Send back exactly the lines from the opening line of the records below through the one with "define y' where".

----

lemma simple_eigenvalue_eigenvectors_not_orthogonal:
  fixes A :: "complex mat"
  assumes A: "A \<in> carrier_mat N N" and simple: "order \<mu> (char_poly A) \<le> 1"
    and x: "eigenvector A x \<mu>" and y: "eigenvector A\<^sup>T y \<mu>"
  shows "y \<bullet> x \<noteq> 0"
proof -
  obtain B P Q where wit: "similar_mat_wit A B P Q" and ut: "upper_triangular B"
    and diag: "\<And>i. 0 < i \<Longrightarrow> i < N \<Longrightarrow> B$$(i,i) \<noteq> \<mu>"
    using simple_eigenvalue_schur_form[OF A simple] by blast
  note car = similar_mat_witD2(4-7)[OF A wit]
  define x' where "x' = Q *\<^sub>v x"
  define y' where "y' = P\<^sup>T *\<^sub>v y"
  have x': "x' \<in> carrier_vec N" "x' \<noteq> 0\<^sub>v N" "B *\<^sub>v x' = \<mu> \<cdot>\<^sub>v x'"
    using similar_mat_wit_eigenvector[OF wit x] car unfolding x'_def eigenvector_def by auto
  have y': "y' \<in> carrier_vec N" "y' \<noteq> 0\<^sub>v N" "B\<^sup>T *\<^sub>v y' = \<mu> \<cdot>\<^sub>v y'"
    using similar_mat_wit_eigenvector[OF similar_mat_wit_transpose[OF wit] y] car
    unfolding y'_def eigenvector_def by auto
  have x'_tail: "x'$i = 0" if "0 < i" "i < N" for i
    using upper_triangular_eigenvector_tail_zero[OF car(2) ut diag x'(1,3) that] .
  have "x'$0 \<noteq> 0"
  proof
    assume "x'$0 = 0"
    then have "x'$i = 0" if "i < N" for i
      using x'_tail that by (cases "i = 0") auto
    then have "x' = 0\<^sub>v N" using x'(1) by (intro eq_vecI) auto
    with x'(2) show False ..
  qed
  moreover have "y'$0 \<noteq> 0"
    using upper_triangular_left_eigenvector_zero[OF car(2) ut diag y'(1,3)] y'(2) by blast
  moreover have "y' \<bullet> x' = y'$0 * x'$0"
  proof -
    have "y' \<bullet> x' = (\<Sum>i\<in>{0..<N}. if i = 0 then y'$0 * x'$0 else 0)"
      unfolding scalar_prod_def using x'(1) x'_tail by (intro sum.cong) auto
    also have "\<dots> = y'$0 * x'$0" using x'(1,2) by (cases N) auto
    finally show ?thesis .
  qed
  moreover have "y \<bullet> x = y' \<bullet> x'"
  proof -
    have x_car: "x \<in> carrier_vec N" and y_car: "y \<in> carrier_vec N"
      using x y A unfolding eigenvector_def by auto
    have "P *\<^sub>v x' = (P * Q) *\<^sub>v x" unfolding x'_def using car x_car by simp
    also have "\<dots> = x" using similar_mat_witD2(1)[OF A wit] x_car by simp
    finally have x_eq: "x = P *\<^sub>v x'" ..
    show ?thesis
      unfolding y'_def x_eq by (rule transpose_vec_mult_scalar[OF car(3) x'(1) y_car, symmetric])
  qed
  ultimately show ?thesis by simp
qed

lemma weighted_symmetric_left_eigenvector:
  fixes A :: "'a::comm_ring_1 mat"
  assumes A: "A \<in> carrier_mat N N"
    and sym: "\<And>k l. k < N \<Longrightarrow> l < N \<Longrightarrow> d k * A$$(k,l) = d l * A$$(l,k)"
    and z: "z \<in> carrier_vec N" "A *\<^sub>v z = \<mu> \<cdot>\<^sub>v z"
  shows "A\<^sup>T *\<^sub>v vec N (\<lambda>k. d k * z$k) = \<mu> \<cdot>\<^sub>v vec N (\<lambda>k. d k * z$k)"
proof (rule eq_vecI)
  fix l assume "l < dim_vec (\<mu> \<cdot>\<^sub>v vec N (\<lambda>k. d k * z$k))"
  then have l: "l < N" by simp
  have "(A\<^sup>T *\<^sub>v vec N (\<lambda>k. d k * z$k)) $ l = (\<Sum>k\<in>{0..<N}. d k * A$$(k,l) * z$k)"
    using A l by (simp add: scalar_prod_def mult_ac)
  also have "\<dots> = (\<Sum>k\<in>{0..<N}. d l * A$$(l,k) * z$k)"
    using l sym by (intro sum.cong) auto
  also have "\<dots> = d l * (A *\<^sub>v z) $ l"
    using A l z(1) by (simp add: scalar_prod_def sum_distrib_left mult.assoc)
  also have "\<dots> = (\<mu> \<cdot>\<^sub>v vec N (\<lambda>k. d k * z$k)) $ l"
    using l z by (simp add: mult.left_commute)
  finally show "(A\<^sup>T *\<^sub>v vec N (\<lambda>k. d k * z$k)) $ l = (\<mu> \<cdot>\<^sub>v vec N (\<lambda>k. d k * z$k)) $ l" .
qed (use A in simp)

lemma isotropic_eigenvector_multiple_eigenvalue:
  fixes A :: "complex mat" and d :: "nat \<Rightarrow> complex"
  assumes A: "A \<in> carrier_mat N N"
    and d: "\<And>k. k < N \<Longrightarrow> d k \<noteq> 0"
    and sym: "\<And>k l. k < N \<Longrightarrow> l < N \<Longrightarrow> d k * A$$(k,l) = d l * A$$(l,k)"
    and z: "eigenvector A z \<mu>"
    and isotropic: "(\<Sum>k<N. d k * z$k ^ 2) = 0"
  shows "order \<mu> (char_poly A) \<ge> 2"
proof (rule ccontr)
  assume "\<not> order \<mu> (char_poly A) \<ge> 2"
  then have simple: "order \<mu> (char_poly A) \<le> 1" by simp
  from z A have zc: "z \<in> carrier_vec N" "z \<noteq> 0\<^sub>v N" "A *\<^sub>v z = \<mu> \<cdot>\<^sub>v z"
    unfolding eigenvector_def by auto
  define u where "u = vec N (\<lambda>k. d k * z$k)"
  have "A\<^sup>T *\<^sub>v u = \<mu> \<cdot>\<^sub>v u"
    unfolding u_def using weighted_symmetric_left_eigenvector[OF A sym zc(1,3)] .
  moreover have "u \<noteq> 0\<^sub>v N"
  proof
    assume "u = 0\<^sub>v N"
    then have "z$k = 0" if "k < N" for k
      using d[OF that] that by (metis index_vec index_zero_vec(1) mult_eq_0_iff u_def)
    then show False using zc(1,2) by (auto intro: eq_vecI)
  qed
  ultimately have "eigenvector A\<^sup>T u \<mu>"
    using A unfolding eigenvector_def by (simp add: u_def)
  moreover have "u \<bullet> z = 0"
    using zc(1) isotropic by (simp add: scalar_prod_def u_def power2_eq_square mult.assoc lessThan_atLeast0)
  ultimately show False
    using simple_eigenvalue_eigenvectors_not_orthogonal[OF A simple z] by blast
qed

lemma Rrot_pi_half_index:
  assumes "i < 2*n" "j < 2*n"
  shows "Rrot n (of_real pi / 2) $$ (i,j) = (if j = i + n then -1 else if i = j + n then 1 else 0)"
proof -
  have divmod: "k div n = (if k < n then 0 else 1)" "k mod n = (if k < n then k else k - n)"
    if "k < 2*n" for k
    using that by (auto simp: div_if mod_if le_div_geq)
  have cos_sin: "cos (of_real pi / 2 :: complex) = 0" "sin (of_real pi / 2 :: complex) = 1"
    by (simp_all flip: of_real_divide add: cos_of_real sin_of_real)
  show ?thesis
    using assms by (simp add: Rrot_def divmod cos_sin split: if_splits) linarith
qed

lemma dim_Rrot [simp]: "dim_row (Rrot n \<theta>) = 2*n" "dim_col (Rrot n \<theta>) = 2*n"
  by (simp_all add: Rrot_def)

----

* **RESPONSE**:
lemma simple_eigenvalue_eigenvectors_not_orthogonal:
  fixes A :: "complex mat"
  assumes A: "A \<in> carrier_mat N N" and simple: "order \<mu> (char_poly A) \<le> 1"
    and x: "eigenvector A x \<mu>" and y: "eigenvector A\<^sup>T y \<mu>"
  shows "y \<bullet> x \<noteq> 0"
proof -
  obtain B P Q where wit: "similar_mat_wit A B P Q" and ut: "upper_triangular B"
    and diag: "\<And>i. 0 < i \<Longrightarrow> i < N \<Longrightarrow> B$$(i,i) \<noteq> \<mu>"
    using simple_eigenvalue_schur_form[OF A simple] by blast
  note car = similar_mat_witD2(4-7)[OF A wit]
  define x' where "x' = Q *\<^sub>v x"
  define y' where "y' = P\<^sup>T *\<^sub>v y"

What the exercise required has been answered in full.